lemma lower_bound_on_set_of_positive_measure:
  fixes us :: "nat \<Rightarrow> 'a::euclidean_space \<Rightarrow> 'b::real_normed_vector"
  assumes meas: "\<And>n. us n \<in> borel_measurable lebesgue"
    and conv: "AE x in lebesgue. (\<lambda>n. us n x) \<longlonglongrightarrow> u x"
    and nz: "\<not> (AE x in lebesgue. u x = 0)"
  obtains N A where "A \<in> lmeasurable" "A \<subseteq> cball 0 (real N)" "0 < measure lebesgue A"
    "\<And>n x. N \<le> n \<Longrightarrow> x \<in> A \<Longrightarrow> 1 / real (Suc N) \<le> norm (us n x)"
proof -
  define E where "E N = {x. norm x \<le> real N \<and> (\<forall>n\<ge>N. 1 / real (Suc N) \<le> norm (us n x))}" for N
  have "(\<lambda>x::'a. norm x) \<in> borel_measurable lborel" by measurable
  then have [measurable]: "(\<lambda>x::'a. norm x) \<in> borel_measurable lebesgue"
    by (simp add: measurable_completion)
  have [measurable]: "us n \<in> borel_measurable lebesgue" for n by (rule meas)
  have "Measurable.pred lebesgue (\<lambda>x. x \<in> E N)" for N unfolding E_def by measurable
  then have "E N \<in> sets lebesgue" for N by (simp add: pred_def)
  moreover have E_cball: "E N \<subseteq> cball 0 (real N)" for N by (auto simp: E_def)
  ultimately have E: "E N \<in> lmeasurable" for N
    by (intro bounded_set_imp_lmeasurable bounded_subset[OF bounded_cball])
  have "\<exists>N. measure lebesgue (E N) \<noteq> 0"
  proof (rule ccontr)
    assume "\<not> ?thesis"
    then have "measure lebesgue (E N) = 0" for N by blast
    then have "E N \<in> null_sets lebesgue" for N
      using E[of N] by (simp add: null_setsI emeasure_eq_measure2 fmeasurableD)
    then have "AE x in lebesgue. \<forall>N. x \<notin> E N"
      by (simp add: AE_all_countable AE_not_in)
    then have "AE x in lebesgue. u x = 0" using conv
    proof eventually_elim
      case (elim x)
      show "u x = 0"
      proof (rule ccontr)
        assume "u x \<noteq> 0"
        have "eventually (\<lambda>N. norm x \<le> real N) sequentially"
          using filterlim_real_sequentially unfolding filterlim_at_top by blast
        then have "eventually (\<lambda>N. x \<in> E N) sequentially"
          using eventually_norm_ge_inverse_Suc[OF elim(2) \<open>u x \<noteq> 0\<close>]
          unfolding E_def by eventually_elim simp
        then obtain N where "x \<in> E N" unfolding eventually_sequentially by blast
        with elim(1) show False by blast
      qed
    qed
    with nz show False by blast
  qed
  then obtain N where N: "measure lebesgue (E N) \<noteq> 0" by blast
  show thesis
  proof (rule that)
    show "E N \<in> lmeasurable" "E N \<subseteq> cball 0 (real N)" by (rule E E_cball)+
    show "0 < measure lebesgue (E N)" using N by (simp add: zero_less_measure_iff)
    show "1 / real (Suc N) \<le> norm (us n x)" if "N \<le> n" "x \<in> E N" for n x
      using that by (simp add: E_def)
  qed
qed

★ ★ ★ ★ ★

Your instructions => The data must be retyped in full, exactly as it reads.

Response area =>
lemma lower_bound_on_set_of_positive_measure:
  fixes us :: "nat \<Rightarrow> 'a::euclidean_space \<Rightarrow> 'b::real_normed_vector"
  assumes meas: "\<And>n. us n \<in> borel_measurable lebesgue"
    and conv: "AE x in lebesgue. (\<lambda>n. us n x) \<longlonglongrightarrow> u x"
    and nz: "\<not> (AE x in lebesgue. u x = 0)"
  obtains N A where "A \<in> lmeasurable" "A \<subseteq> cball 0 (real N)" "0 < measure lebesgue A"
    "\<And>n x. N \<le> n \<Longrightarrow> x \<in> A \<Longrightarrow> 1 / real (Suc N) \<le> norm (us n x)"
proof -
  define E where "E N = {x. norm x \<le> real N \<and> (\<forall>n\<ge>N. 1 / real (Suc N) \<le> norm (us n x))}" for N
  have "(\<lambda>x::'a. norm x) \<in> borel_measurable lborel" by measurable
  then have [measurable]: "(\<lambda>x::'a. norm x) \<in> borel_measurable lebesgue"
    by (simp add: measurable_completion)
  have [measurable]: "us n \<in> borel_measurable lebesgue" for n by (rule meas)
  have "Measurable.pred lebesgue (\<lambda>x. x \<in> E N)" for N unfolding E_def by measurable
  then have "E N \<in> sets lebesgue" for N by (simp add: pred_def)
  moreover have E_cball: "E N \<subseteq> cball 0 (real N)" for N by (auto simp: E_def)
  ultimately have E: "E N \<in> lmeasurable" for N
    by (intro bounded_set_imp_lmeasurable bounded_subset[OF bounded_cball])
  have "\<exists>N. measure lebesgue (E N) \<noteq> 0"
  proof (rule ccontr)
    assume "\<not> ?thesis"
    then have "measure lebesgue (E N) = 0" for N by blast
    then have "E N \<in> null_sets lebesgue" for N
      using E[of N] by (simp add: null_setsI emeasure_eq_measure2 fmeasurableD)
    then have "AE x in lebesgue. \<forall>N. x \<notin> E N"
      by (simp add: AE_all_countable AE_not_in)
    then have "AE x in lebesgue. u x = 0" using conv
    proof eventually_elim
      case (elim x)
      show "u x = 0"
      proof (rule ccontr)
        assume "u x \<noteq> 0"
        have "eventually (\<lambda>N. norm x \<le> real N) sequentially"
          using filterlim_real_sequentially unfolding filterlim_at_top by blast
        then have "eventually (\<lambda>N. x \<in> E N) sequentially"
          using eventually_norm_ge_inverse_Suc[OF elim(2) \<open>u x \<noteq> 0\<close>]
          unfolding E_def by eventually_elim simp
        then obtain N where "x \<in> E N" unfolding eventually_sequentially by blast
        with elim(1) show False by blast
      qed
    qed
    with nz show False by blast
  qed
  then obtain N where N: "measure lebesgue (E N) \<noteq> 0" by blast
  show thesis
  proof (rule that)
    show "E N \<in> lmeasurable" "E N \<subseteq> cball 0 (real N)" by (rule E E_cball)+
    show "0 < measure lebesgue (E N)" using N by (simp add: zero_less_measure_iff)
    show "1 / real (Suc N) \<le> norm (us n x)" if "N \<le> n" "x \<in> E N" for n x
      using that by (simp add: E_def)
  qed
qed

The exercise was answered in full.